'''

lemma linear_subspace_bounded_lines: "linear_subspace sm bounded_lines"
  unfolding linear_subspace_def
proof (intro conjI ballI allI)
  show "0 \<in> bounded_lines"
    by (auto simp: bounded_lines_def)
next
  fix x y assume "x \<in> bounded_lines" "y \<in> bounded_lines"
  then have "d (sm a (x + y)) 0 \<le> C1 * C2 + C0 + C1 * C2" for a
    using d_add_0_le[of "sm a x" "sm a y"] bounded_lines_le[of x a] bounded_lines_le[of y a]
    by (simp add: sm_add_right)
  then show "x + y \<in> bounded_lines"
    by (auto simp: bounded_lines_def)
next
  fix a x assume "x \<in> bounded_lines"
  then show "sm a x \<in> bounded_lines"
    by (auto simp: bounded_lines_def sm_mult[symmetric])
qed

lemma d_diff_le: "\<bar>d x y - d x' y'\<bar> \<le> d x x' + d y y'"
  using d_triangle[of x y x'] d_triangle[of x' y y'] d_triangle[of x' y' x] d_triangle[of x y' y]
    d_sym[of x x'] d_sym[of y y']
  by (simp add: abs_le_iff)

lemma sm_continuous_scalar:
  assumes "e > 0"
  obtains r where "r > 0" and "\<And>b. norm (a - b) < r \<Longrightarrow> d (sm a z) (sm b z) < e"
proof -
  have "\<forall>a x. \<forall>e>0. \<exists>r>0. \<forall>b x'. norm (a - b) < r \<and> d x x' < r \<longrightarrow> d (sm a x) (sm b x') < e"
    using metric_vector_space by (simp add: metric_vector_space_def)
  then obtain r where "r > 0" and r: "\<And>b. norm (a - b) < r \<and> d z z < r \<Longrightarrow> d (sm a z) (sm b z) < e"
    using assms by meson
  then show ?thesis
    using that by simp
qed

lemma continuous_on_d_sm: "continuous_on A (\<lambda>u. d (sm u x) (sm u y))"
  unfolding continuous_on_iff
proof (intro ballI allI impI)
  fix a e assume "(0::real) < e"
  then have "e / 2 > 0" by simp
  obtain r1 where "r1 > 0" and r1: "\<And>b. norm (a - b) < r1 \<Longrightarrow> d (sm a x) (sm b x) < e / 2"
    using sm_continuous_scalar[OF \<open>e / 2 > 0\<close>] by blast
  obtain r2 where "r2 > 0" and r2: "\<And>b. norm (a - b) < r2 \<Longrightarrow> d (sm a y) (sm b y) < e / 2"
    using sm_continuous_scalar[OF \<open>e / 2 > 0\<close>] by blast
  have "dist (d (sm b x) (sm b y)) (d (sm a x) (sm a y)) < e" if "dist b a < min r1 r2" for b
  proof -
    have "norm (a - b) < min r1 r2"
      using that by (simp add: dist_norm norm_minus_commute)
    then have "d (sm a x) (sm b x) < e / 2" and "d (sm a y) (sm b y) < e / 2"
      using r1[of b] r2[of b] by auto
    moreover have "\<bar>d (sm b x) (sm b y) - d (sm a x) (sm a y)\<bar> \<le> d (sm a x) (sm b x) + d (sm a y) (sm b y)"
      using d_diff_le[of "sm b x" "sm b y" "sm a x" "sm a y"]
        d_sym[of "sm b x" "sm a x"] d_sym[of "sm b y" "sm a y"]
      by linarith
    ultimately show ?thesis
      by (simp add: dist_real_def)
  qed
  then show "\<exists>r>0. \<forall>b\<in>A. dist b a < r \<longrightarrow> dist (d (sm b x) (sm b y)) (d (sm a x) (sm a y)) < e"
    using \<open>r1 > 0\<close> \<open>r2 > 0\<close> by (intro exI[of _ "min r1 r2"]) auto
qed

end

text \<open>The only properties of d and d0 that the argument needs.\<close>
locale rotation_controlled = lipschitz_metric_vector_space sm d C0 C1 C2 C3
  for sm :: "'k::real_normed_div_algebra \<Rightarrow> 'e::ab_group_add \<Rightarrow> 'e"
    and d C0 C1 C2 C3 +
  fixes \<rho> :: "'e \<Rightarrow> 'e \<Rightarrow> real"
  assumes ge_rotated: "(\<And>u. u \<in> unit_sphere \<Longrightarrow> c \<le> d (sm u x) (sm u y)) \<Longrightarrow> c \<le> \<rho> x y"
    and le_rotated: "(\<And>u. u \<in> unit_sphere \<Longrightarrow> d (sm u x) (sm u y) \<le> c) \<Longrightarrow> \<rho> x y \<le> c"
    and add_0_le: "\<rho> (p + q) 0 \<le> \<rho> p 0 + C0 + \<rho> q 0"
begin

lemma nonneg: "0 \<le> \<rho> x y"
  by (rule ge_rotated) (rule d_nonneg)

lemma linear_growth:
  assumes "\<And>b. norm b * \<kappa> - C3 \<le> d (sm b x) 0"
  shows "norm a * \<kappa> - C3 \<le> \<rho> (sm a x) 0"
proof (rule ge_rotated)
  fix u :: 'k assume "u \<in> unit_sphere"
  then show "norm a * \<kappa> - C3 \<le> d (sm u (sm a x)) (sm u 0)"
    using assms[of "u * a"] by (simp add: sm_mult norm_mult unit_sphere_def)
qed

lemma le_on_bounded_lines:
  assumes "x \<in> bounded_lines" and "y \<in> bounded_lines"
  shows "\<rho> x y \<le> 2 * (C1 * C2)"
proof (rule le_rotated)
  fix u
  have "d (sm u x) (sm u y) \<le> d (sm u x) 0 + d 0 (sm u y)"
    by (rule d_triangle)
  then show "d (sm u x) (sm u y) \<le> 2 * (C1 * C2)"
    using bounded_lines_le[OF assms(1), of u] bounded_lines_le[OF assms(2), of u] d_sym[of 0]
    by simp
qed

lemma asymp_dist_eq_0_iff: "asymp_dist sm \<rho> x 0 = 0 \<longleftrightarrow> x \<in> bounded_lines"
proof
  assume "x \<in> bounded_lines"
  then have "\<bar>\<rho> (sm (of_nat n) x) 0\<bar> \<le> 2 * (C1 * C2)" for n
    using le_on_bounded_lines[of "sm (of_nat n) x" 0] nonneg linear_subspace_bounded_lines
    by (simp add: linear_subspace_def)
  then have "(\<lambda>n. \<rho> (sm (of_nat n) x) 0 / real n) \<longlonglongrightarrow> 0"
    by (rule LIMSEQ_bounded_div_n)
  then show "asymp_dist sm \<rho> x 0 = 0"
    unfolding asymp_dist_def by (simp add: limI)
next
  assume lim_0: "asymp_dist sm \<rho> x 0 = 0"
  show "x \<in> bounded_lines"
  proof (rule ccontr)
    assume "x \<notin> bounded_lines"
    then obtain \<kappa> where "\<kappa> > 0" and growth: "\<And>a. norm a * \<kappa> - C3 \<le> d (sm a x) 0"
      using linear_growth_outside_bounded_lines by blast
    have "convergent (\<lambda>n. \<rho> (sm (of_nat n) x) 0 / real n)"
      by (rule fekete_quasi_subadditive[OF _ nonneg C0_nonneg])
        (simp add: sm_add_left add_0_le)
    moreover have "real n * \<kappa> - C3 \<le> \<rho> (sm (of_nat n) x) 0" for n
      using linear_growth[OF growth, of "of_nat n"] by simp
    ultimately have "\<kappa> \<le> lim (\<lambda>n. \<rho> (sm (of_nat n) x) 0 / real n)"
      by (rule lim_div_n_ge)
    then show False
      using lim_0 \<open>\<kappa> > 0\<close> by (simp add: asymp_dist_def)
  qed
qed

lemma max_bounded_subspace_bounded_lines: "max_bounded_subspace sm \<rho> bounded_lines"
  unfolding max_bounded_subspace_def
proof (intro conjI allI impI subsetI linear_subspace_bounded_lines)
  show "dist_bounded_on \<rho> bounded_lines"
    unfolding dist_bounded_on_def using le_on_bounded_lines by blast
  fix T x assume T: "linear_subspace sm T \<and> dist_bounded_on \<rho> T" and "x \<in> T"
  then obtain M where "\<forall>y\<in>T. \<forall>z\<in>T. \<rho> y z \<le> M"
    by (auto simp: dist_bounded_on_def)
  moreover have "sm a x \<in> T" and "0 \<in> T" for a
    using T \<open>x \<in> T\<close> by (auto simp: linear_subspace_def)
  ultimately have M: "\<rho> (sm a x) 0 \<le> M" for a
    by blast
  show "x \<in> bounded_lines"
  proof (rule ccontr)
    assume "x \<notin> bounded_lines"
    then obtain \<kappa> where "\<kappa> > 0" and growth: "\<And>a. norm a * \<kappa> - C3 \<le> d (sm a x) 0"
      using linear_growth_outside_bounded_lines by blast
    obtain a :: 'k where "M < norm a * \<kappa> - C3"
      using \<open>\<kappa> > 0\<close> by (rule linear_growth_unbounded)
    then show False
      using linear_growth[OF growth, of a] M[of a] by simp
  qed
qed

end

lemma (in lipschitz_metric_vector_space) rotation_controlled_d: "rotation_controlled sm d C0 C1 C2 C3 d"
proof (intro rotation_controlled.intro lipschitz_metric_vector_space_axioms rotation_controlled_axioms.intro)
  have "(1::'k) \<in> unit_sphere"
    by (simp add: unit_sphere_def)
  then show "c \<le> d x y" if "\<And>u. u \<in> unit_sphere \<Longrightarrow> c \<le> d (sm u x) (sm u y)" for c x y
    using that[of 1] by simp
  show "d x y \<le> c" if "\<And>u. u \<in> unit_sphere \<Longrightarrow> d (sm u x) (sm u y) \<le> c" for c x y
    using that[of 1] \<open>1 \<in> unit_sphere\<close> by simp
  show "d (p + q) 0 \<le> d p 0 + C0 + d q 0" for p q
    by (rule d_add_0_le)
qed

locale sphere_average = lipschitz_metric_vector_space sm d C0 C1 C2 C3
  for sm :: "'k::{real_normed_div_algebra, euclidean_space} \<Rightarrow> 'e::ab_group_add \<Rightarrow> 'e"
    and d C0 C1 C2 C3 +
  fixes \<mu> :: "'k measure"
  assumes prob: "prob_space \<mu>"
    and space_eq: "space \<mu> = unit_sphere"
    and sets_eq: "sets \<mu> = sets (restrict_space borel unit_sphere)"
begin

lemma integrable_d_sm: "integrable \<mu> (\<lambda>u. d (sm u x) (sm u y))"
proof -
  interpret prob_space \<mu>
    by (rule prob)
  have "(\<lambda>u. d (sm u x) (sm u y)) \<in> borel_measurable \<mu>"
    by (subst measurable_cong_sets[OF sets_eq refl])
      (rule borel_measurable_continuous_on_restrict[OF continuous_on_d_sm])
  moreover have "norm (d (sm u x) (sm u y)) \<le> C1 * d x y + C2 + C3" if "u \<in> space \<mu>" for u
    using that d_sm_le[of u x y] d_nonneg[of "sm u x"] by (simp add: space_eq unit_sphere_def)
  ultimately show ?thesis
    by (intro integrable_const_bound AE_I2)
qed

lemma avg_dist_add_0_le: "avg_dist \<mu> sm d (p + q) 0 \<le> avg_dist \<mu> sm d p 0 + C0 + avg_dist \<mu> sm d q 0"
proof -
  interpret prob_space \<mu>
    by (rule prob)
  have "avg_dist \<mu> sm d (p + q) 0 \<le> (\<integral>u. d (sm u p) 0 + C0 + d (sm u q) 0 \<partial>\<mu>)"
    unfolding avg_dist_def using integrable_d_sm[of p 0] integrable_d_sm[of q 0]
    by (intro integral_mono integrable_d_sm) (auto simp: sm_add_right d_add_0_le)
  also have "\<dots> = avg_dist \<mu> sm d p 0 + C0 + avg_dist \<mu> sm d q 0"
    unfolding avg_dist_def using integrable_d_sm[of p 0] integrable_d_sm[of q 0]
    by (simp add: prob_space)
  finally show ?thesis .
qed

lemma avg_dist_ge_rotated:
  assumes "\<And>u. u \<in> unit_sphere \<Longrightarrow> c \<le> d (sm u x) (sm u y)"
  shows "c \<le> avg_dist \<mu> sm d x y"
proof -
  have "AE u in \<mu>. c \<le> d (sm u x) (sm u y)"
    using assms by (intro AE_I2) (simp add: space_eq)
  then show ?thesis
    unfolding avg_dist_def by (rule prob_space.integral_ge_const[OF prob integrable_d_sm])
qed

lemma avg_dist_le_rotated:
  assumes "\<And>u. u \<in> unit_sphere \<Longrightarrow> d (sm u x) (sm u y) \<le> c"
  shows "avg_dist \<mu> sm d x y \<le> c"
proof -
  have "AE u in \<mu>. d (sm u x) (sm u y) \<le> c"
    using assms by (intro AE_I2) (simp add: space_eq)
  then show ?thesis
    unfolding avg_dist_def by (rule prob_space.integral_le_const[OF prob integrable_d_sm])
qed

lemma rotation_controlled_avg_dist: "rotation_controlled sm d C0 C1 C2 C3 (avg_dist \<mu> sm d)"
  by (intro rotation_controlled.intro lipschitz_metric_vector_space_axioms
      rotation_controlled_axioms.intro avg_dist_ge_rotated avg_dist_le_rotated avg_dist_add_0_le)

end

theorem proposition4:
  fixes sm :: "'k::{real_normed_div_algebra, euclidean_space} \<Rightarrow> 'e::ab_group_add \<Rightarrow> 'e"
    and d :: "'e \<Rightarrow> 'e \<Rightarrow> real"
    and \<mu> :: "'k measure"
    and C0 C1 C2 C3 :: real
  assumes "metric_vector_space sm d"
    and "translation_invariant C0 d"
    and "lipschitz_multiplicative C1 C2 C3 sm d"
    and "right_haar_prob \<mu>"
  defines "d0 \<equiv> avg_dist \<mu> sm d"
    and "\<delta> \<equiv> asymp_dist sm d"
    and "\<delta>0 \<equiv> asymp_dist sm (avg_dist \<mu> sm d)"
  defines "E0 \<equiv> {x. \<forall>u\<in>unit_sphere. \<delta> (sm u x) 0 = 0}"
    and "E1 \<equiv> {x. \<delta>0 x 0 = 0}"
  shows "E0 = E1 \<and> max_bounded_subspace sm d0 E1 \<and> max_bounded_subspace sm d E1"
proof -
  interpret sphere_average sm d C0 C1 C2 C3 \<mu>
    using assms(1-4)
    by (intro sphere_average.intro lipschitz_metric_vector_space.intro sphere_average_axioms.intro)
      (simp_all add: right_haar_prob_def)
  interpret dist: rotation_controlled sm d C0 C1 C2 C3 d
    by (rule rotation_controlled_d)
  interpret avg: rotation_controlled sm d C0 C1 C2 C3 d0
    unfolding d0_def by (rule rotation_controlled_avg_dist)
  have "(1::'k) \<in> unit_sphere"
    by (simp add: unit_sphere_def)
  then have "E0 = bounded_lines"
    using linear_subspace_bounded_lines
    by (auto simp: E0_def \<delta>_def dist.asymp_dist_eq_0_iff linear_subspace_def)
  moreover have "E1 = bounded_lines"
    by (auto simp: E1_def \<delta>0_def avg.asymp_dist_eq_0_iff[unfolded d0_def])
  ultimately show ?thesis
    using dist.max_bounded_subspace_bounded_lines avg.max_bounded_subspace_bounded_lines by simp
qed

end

'''

TASK TO COMPLETE - Begin with the line above that has "b a < min r1" and continue through the line that has "d (sm u (sm", setting each one down exactly. Stop there.

YOUR SOLUTION -
  have "dist (d (sm b x) (sm b y)) (d (sm a x) (sm a y)) < e" if "dist b a < min r1 r2" for b
  proof -
    have "norm (a - b) < min r1 r2"
      using that by (simp add: dist_norm norm_minus_commute)
    then have "d (sm a x) (sm b x) < e / 2" and "d (sm a y) (sm b y) < e / 2"
      using r1[of b] r2[of b] by auto
    moreover have "\<bar>d (sm b x) (sm b y) - d (sm a x) (sm a y)\<bar> \<le> d (sm a x) (sm b x) + d (sm a y) (sm b y)"
      using d_diff_le[of "sm b x" "sm b y" "sm a x" "sm a y"]
        d_sym[of "sm b x" "sm a x"] d_sym[of "sm b y" "sm a y"]
      by linarith
    ultimately show ?thesis
      by (simp add: dist_real_def)
  qed
  then show "\<exists>r>0. \<forall>b\<in>A. dist b a < r \<longrightarrow> dist (d (sm b x) (sm b y)) (d (sm a x) (sm a y)) < e"
    using \<open>r1 > 0\<close> \<open>r2 > 0\<close> by (intro exI[of _ "min r1 r2"]) auto
qed

end

text \<open>The only properties of d and d0 that the argument needs.\<close>
locale rotation_controlled = lipschitz_metric_vector_space sm d C0 C1 C2 C3
  for sm :: "'k::real_normed_div_algebra \<Rightarrow> 'e::ab_group_add \<Rightarrow> 'e"
    and d C0 C1 C2 C3 +
  fixes \<rho> :: "'e \<Rightarrow> 'e \<Rightarrow> real"
  assumes ge_rotated: "(\<And>u. u \<in> unit_sphere \<Longrightarrow> c \<le> d (sm u x) (sm u y)) \<Longrightarrow> c \<le> \<rho> x y"
    and le_rotated: "(\<And>u. u \<in> unit_sphere \<Longrightarrow> d (sm u x) (sm u y) \<le> c) \<Longrightarrow> \<rho> x y \<le> c"
    and add_0_le: "\<rho> (p + q) 0 \<le> \<rho> p 0 + C0 + \<rho> q 0"
begin

lemma nonneg: "0 \<le> \<rho> x y"
  by (rule ge_rotated) (rule d_nonneg)

lemma linear_growth:
  assumes "\<And>b. norm b * \<kappa> - C3 \<le> d (sm b x) 0"
  shows "norm a * \<kappa> - C3 \<le> \<rho> (sm a x) 0"
proof (rule ge_rotated)
  fix u :: 'k assume "u \<in> unit_sphere"
  then show "norm a * \<kappa> - C3 \<le> d (sm u (sm a x)) (sm u 0)"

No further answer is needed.